Advantages and disadvantages of sitting cross-legged:

I. Benefits

It can improve the flexibility of legs, ankles and buttocks, and make them soft, which is beneficial to the prevention and treatment of joint pain. Cross-legged movement is the most basic movement in yoga. For healthy people, practicing cross-legged exercise is beneficial to their health.

Every day before going to bed or getting up in the morning, you might as well meditate cross-legged on the bed 10 minutes, which can slow down the blood circulation in the lower body, thus increasing the blood circulation in the upper body, especially in the chest and brain.

People who start cross-legged can put a cushion about 10 cm high under the coccyx. After putting the pelvis high, the pressure on the hip and thigh muscles can be slightly reduced. Also note that if you feel your feet are swollen and numb, you'd better stand up and exercise.

Second, shortcomings.

When sitting on your knees, it's like erecting an invisible gate between your upper and lower body, and only a small amount of qi and blood can go down.

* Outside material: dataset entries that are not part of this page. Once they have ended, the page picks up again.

lemma dense_pseudocompact_not_islimpt_range:
  assumes dp: "dense_pseudocompact_space X" and f: "continuous_map X euclideanreal f"
  shows "\<not> c islimpt (f ` topspace X)"
proof
  assume c: "c islimpt (f ` topspace X)"
  define P where "P = {x \<in> topspace X. f x \<noteq> c}"
  define D where "D = P \<union> X interior_of (topspace X - P)"
  define h where "h x = inverse (f x - c)" for x
  have "openin X P"
    unfolding P_def using openin_continuous_map_preimage[OF f, of "- {c}"] by auto
  have "continuous_map (subtopology X D) euclideanreal h"
    unfolding D_def
  proof (rule continuous_map_on_open_Un)
    show "continuous_map (subtopology X P) euclideanreal h"
      unfolding h_def
      by (intro continuous_map_real_inverse continuous_map_from_subtopology continuous_intros f)
         (auto simp: P_def)
    \<comment> \<open>here \<open>f x = c\<close>, and \<open>inverse 0 = 0\<close>\<close>
    have "h x = 0" if "x \<in> X interior_of (topspace X - P)" for x
      using that interior_of_subset[of X "topspace X - P"] interior_of_subset_topspace[of X]
      by (force simp: h_def P_def)
    then show "continuous_map (subtopology X (X interior_of (topspace X - P))) euclideanreal h"
      by (intro continuous_map_eq[OF continuous_map_const[THEN iffD2]]) auto
  qed (use \<open>openin X P\<close> in auto)
  moreover have D: "D \<subseteq> topspace X"
    using openin_subset[OF \<open>openin X P\<close>] interior_of_subset_topspace[of X] by (auto simp: D_def)
  moreover have "pseudocompact_space (subtopology X D)"
    using dp D dense_Un_interior_of_complement[of X P]
    unfolding dense_pseudocompact_space_def D_def by blast
  ultimately have "bounded (h ` D)"
    unfolding pseudocompact_space_def by (metis Int_absorb1 topspace_subtopology)
  then obtain B where B: "\<And>x. x \<in> D \<Longrightarrow> \<bar>h x\<bar> \<le> B"
    unfolding bounded_real by blast
  obtain y where "y \<in> f ` topspace X" "y \<noteq> c" "dist y c < inverse (\<bar>B\<bar> + 1)"
    using c unfolding islimpt_approachable by (meson inverse_positive_iff_positive abs_ge_zero add_nonneg_pos zero_less_one)
  then obtain x where x: "x \<in> P" "\<bar>f x - c\<bar> < inverse (\<bar>B\<bar> + 1)"
    by (auto simp: P_def dist_real_def)
  moreover have "0 < \<bar>f x - c\<bar>"
    using x by (simp add: P_def)
  ultimately have "\<bar>B\<bar> + 1 < \<bar>h x\<bar>"
    using less_imp_inverse_less by (fastforce simp: h_def abs_inverse)
  with B[of x] x show False by (simp add: D_def)
qed

lemma dense_pseudocompact_imp_finite_range:
  assumes "dense_pseudocompact_space X" "continuous_map X euclideanreal f"
  shows "finite (f ` topspace X)"
proof (rule ccontr)
  assume "infinite (f ` topspace X)"
  moreover have "bounded (f ` topspace X)"
    using assms dense_pseudocompact_imp_pseudocompact pseudocompact_space_def by blast
  ultimately show False
    using bounded_infinite_imp_islimpt dense_pseudocompact_not_islimpt_range assms by blast
qed

definition finite_range_space :: "'a topology \<Rightarrow> bool" where
  "finite_range_space X \<longleftrightarrow>
     (\<forall>f::'a \<Rightarrow> real. continuous_map X euclideanreal f \<longrightarrow> finite (f ` topspace X))"

lemma finite_range_space_fibre_clopen:
  assumes "finite_range_space X" "continuous_map X euclideanreal f"
  shows "openin X {x \<in> topspace X. f x = a}" "closedin X {x \<in> topspace X. f x = a}"
proof -
  have "open (- (f ` topspace X - {a}))"
    using assms by (intro open_Compl finite_imp_closed) (simp add: finite_range_space_def)
  then have "openin X {x \<in> topspace X. f x \<in> - (f ` topspace X - {a})}"
    by (metis open_openin openin_continuous_map_preimage assms(2))
  moreover have "{x \<in> topspace X. f x \<in> - (f ` topspace X - {a})} = {x \<in> topspace X. f x = a}"
    by auto
  ultimately show "openin X {x \<in> topspace X. f x = a}" by simp
  show "closedin X {x \<in> topspace X. f x = a}"
    using closedin_continuous_map_preimage[OF assms(2), of "{a}"] by simp
qed

lemma tychonoff_finite_range_clopen_separation:
  assumes "tychonoff_space X" "finite_range_space X"
    and "x \<in> topspace X" "y \<in> topspace X" "x \<noteq> y"
  obtains S where "openin X S" "closedin X S" "x \<in> S" "y \<notin> S"
proof -
  have "closedin X {y}"
    using assms by (simp add: tychonoff_space_def closedin_t1_singleton)
  moreover have "x \<in> topspace X - {y}"
    using assms by blast
  ultimately obtain g :: "'a \<Rightarrow> real"
    where "continuous_map X (top_of_set {0..1}) g" "g x = 0" "g ` {y} \<subseteq> {1}"
    using assms(1) unfolding tychonoff_space_def completely_regular_space_def by blast
  then have g: "continuous_map X euclideanreal g" "g x = 0" "g y = 1"
    using continuous_map_in_subtopology by auto
  show thesis
    by (rule that[of "{z \<in> topspace X. g z = 0}"])
      (use finite_range_space_fibre_clopen[OF assms(2) g(1)] g assms(3) in auto)
qed

lemma tychonoff_finite_range_split_clopen:
  assumes "tychonoff_space X" "finite_range_space X"
    and "openin X C" "closedin X C" "infinite C"
  obtains B where "B \<subseteq> C" "openin X B" "closedin X B" "infinite B" "C - B \<noteq> {}"
proof -
  obtain x where "x \<in> C"
    using \<open>infinite C\<close> infinite_imp_nonempty by blast
  moreover obtain y where "y \<in> C - {x}"
    using \<open>infinite C\<close> infinite_imp_nonempty[of "C - {x}"] by auto
  ultimately have xy: "x \<in> C" "y \<in> C" "x \<noteq> y"
    by auto
  moreover have "C \<subseteq> topspace X"
    using assms openin_subset by blast
  ultimately obtain S where S: "openin X S" "closedin X S" "x \<in> S" "y \<notin> S"
    by (meson tychonoff_finite_range_clopen_separation[OF assms(1,2)] subsetD)
  have "infinite (C \<inter> S) \<or> infinite (C - S)"
    using \<open>infinite C\<close> Int_Diff_Un[of C S] finite_Un[of "C \<inter> S" "C - S"] by argo
  then show thesis
  proof
    assume "infinite (C \<inter> S)"
    moreover have "openin X (C \<inter> S)" "closedin X (C \<inter> S)"
      using openin_Int[OF assms(3) S(1)] closedin_Int[OF assms(4) S(2)] by auto
    ultimately show thesis
      using S xy by (intro that[of "C \<inter> S"]) auto
  next
    assume "infinite (C - S)"
    moreover have "openin X (C - S)" "closedin X (C - S)"
      using openin_diff[OF assms(3) S(2)] closedin_diff[OF assms(4) S(1)] by auto
    ultimately show thesis
      using S xy by (intro that[of "C - S"]) auto
  qed
qed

People with leg and foot diseases or weak blood circulation tend to feel sore.

If you blindly pursue the time and posture of sitting, regardless of your tolerance and individual differences, it will hurt bones and muscles, cause insufficient oxygen supply to lower limbs, and even damage body tissues.

Don't practice hard at this time, relax your legs in time, supplemented by massage or walking. The qi and blood in the lower limbs will rush out like water that opens the floodgates, and it feels as if there is heat flow through the legs and feet. This process can promote blood circulation and is good for health.